Your objective: Could you set down exactly the lines in the records below between the line holding "imports Complex_Main" and the line holding "else if j = k", inclusive?

Material to process:

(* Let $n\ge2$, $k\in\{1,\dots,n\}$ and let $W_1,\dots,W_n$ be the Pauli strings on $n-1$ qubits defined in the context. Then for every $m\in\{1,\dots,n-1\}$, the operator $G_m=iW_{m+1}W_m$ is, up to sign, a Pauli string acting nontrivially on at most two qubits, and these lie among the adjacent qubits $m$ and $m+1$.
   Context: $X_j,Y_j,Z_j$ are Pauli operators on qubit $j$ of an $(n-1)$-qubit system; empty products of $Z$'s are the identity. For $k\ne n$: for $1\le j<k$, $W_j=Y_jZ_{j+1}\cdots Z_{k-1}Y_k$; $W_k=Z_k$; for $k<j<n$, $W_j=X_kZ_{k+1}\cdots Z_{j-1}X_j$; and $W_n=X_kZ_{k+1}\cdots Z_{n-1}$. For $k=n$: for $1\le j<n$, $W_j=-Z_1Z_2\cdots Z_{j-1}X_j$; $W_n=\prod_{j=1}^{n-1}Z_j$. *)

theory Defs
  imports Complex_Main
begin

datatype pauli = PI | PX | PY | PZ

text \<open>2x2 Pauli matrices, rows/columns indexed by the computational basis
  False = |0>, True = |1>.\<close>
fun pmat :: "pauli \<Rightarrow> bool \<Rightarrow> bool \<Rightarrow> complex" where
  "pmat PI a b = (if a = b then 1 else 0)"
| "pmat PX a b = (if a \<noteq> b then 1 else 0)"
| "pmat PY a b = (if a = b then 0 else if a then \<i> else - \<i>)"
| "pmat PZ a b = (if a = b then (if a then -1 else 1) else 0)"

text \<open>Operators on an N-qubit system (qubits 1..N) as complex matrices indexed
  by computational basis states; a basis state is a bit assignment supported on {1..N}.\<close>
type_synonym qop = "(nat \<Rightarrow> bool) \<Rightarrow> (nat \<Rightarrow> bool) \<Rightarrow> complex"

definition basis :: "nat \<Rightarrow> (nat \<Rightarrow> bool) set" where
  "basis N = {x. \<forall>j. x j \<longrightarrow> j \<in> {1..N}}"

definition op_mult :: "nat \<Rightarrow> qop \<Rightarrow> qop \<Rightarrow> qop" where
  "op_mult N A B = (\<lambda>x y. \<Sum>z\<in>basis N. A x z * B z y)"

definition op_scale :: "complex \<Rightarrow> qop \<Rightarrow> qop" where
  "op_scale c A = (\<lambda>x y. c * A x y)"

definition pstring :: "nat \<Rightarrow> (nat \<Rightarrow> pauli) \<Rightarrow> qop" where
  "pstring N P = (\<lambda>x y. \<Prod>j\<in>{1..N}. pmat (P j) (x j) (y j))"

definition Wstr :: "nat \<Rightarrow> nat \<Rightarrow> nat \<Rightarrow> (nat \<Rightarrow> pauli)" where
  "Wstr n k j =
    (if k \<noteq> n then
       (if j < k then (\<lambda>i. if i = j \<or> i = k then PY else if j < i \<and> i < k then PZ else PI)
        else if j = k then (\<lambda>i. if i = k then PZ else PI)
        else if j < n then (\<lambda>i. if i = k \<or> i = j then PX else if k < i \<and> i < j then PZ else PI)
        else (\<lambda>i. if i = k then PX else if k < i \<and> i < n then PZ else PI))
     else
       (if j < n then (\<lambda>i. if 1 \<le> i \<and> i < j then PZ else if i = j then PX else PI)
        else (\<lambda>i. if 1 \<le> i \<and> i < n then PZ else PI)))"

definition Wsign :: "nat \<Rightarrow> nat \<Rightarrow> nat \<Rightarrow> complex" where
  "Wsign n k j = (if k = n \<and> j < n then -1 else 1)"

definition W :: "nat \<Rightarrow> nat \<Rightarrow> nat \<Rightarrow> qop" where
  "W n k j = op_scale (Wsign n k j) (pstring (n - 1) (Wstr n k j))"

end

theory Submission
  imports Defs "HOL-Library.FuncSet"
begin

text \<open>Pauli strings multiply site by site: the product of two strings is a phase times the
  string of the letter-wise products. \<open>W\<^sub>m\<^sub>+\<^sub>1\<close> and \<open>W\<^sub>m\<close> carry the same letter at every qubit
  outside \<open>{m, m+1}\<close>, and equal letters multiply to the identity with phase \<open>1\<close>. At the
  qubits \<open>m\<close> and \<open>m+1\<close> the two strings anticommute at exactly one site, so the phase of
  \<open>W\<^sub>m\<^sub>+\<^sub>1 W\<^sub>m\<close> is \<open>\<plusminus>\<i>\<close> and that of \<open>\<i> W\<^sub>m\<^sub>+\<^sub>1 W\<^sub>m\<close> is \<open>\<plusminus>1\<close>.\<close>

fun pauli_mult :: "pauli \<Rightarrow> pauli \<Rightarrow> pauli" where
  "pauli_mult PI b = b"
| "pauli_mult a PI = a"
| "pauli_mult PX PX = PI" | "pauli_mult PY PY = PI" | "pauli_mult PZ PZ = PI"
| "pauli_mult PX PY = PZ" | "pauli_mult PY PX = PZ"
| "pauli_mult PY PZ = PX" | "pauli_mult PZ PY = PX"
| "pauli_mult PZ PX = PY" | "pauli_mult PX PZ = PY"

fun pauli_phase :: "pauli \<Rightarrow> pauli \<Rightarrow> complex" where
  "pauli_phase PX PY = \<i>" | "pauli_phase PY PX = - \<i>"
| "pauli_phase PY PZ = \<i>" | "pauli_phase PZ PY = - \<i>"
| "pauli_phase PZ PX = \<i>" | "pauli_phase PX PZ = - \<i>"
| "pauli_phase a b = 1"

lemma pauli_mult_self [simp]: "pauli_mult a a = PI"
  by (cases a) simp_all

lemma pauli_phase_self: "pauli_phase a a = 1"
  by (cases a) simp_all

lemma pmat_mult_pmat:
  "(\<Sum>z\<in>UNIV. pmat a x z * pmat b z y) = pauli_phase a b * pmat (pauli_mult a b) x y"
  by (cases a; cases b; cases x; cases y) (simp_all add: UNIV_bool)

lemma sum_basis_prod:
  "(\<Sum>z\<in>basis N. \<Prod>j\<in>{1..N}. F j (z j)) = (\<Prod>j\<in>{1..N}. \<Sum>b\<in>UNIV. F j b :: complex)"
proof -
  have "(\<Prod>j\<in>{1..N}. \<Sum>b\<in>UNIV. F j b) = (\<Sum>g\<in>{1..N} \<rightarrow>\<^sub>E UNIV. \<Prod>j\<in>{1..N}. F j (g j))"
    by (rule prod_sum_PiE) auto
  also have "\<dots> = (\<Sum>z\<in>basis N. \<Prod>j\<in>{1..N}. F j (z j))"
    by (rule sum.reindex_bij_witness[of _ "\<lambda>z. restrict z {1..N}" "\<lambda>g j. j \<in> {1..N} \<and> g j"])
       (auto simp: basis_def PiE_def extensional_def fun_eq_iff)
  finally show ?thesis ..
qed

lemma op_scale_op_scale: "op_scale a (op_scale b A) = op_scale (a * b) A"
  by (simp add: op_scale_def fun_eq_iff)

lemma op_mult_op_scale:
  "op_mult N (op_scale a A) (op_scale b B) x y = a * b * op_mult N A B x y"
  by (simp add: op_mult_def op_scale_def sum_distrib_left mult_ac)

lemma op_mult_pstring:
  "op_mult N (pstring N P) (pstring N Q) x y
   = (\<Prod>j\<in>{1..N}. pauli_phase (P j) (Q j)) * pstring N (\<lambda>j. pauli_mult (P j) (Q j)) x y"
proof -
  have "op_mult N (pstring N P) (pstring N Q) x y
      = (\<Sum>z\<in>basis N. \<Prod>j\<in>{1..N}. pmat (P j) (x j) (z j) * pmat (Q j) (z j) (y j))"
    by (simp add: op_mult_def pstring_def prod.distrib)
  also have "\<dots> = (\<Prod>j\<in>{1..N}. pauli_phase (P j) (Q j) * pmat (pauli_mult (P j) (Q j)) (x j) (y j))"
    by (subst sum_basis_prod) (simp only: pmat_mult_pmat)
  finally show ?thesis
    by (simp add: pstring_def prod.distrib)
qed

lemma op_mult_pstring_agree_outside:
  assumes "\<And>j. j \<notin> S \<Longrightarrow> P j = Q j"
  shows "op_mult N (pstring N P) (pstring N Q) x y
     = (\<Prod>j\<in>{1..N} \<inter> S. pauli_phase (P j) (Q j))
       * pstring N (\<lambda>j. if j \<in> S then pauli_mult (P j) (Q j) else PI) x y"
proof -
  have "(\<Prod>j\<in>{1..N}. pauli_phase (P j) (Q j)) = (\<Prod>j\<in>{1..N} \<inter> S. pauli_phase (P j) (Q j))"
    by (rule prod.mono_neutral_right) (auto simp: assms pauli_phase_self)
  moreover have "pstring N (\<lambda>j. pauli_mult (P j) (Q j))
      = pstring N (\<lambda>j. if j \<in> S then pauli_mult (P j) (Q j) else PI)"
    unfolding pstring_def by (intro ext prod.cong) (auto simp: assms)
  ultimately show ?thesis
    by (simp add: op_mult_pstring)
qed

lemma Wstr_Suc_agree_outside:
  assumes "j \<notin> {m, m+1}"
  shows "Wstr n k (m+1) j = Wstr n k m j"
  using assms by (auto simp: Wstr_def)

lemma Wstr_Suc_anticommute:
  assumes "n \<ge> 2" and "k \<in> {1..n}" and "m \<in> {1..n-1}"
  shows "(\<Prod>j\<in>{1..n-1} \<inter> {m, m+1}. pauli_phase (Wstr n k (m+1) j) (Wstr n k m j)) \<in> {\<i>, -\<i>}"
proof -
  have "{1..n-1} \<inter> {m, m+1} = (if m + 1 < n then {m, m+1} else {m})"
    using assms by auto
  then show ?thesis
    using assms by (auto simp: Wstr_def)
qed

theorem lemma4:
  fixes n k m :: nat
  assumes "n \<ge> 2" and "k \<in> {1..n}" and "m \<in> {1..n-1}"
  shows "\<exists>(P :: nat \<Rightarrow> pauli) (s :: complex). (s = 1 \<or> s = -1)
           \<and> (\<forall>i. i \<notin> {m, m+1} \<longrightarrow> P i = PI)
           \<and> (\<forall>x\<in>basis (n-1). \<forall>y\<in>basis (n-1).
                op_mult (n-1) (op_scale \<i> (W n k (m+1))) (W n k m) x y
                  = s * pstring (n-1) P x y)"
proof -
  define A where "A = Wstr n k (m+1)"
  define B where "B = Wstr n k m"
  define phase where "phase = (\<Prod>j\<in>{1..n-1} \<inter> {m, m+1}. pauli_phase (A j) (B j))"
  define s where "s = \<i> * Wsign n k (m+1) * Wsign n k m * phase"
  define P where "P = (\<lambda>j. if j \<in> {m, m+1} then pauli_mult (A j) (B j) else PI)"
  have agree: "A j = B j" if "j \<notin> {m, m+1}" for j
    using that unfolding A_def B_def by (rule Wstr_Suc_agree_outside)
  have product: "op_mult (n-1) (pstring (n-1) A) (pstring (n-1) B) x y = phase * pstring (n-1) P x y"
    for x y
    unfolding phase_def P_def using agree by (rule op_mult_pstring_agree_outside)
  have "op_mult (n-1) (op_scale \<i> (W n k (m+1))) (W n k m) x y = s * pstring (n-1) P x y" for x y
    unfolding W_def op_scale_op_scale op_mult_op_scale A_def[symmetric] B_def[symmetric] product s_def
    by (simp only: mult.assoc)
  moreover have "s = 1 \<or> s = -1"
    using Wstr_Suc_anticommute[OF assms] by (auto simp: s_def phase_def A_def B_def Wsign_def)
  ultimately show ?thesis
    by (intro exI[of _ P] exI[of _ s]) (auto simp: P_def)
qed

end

Written response:
  imports Complex_Main
begin

datatype pauli = PI | PX | PY | PZ

text \<open>2x2 Pauli matrices, rows/columns indexed by the computational basis
  False = |0>, True = |1>.\<close>
fun pmat :: "pauli \<Rightarrow> bool \<Rightarrow> bool \<Rightarrow> complex" where
  "pmat PI a b = (if a = b then 1 else 0)"
| "pmat PX a b = (if a \<noteq> b then 1 else 0)"
| "pmat PY a b = (if a = b then 0 else if a then \<i> else - \<i>)"
| "pmat PZ a b = (if a = b then (if a then -1 else 1) else 0)"

text \<open>Operators on an N-qubit system (qubits 1..N) as complex matrices indexed
  by computational basis states; a basis state is a bit assignment supported on {1..N}.\<close>
type_synonym qop = "(nat \<Rightarrow> bool) \<Rightarrow> (nat \<Rightarrow> bool) \<Rightarrow> complex"

definition basis :: "nat \<Rightarrow> (nat \<Rightarrow> bool) set" where
  "basis N = {x. \<forall>j. x j \<longrightarrow> j \<in> {1..N}}"

definition op_mult :: "nat \<Rightarrow> qop \<Rightarrow> qop \<Rightarrow> qop" where
  "op_mult N A B = (\<lambda>x y. \<Sum>z\<in>basis N. A x z * B z y)"

definition op_scale :: "complex \<Rightarrow> qop \<Rightarrow> qop" where
  "op_scale c A = (\<lambda>x y. c * A x y)"

definition pstring :: "nat \<Rightarrow> (nat \<Rightarrow> pauli) \<Rightarrow> qop" where
  "pstring N P = (\<lambda>x y. \<Prod>j\<in>{1..N}. pmat (P j) (x j) (y j))"

definition Wstr :: "nat \<Rightarrow> nat \<Rightarrow> nat \<Rightarrow> (nat \<Rightarrow> pauli)" where
  "Wstr n k j =
    (if k \<noteq> n then
       (if j < k then (\<lambda>i. if i = j \<or> i = k then PY else if j < i \<and> i < k then PZ else PI)
        else if j = k then (\<lambda>i. if i = k then PZ else PI)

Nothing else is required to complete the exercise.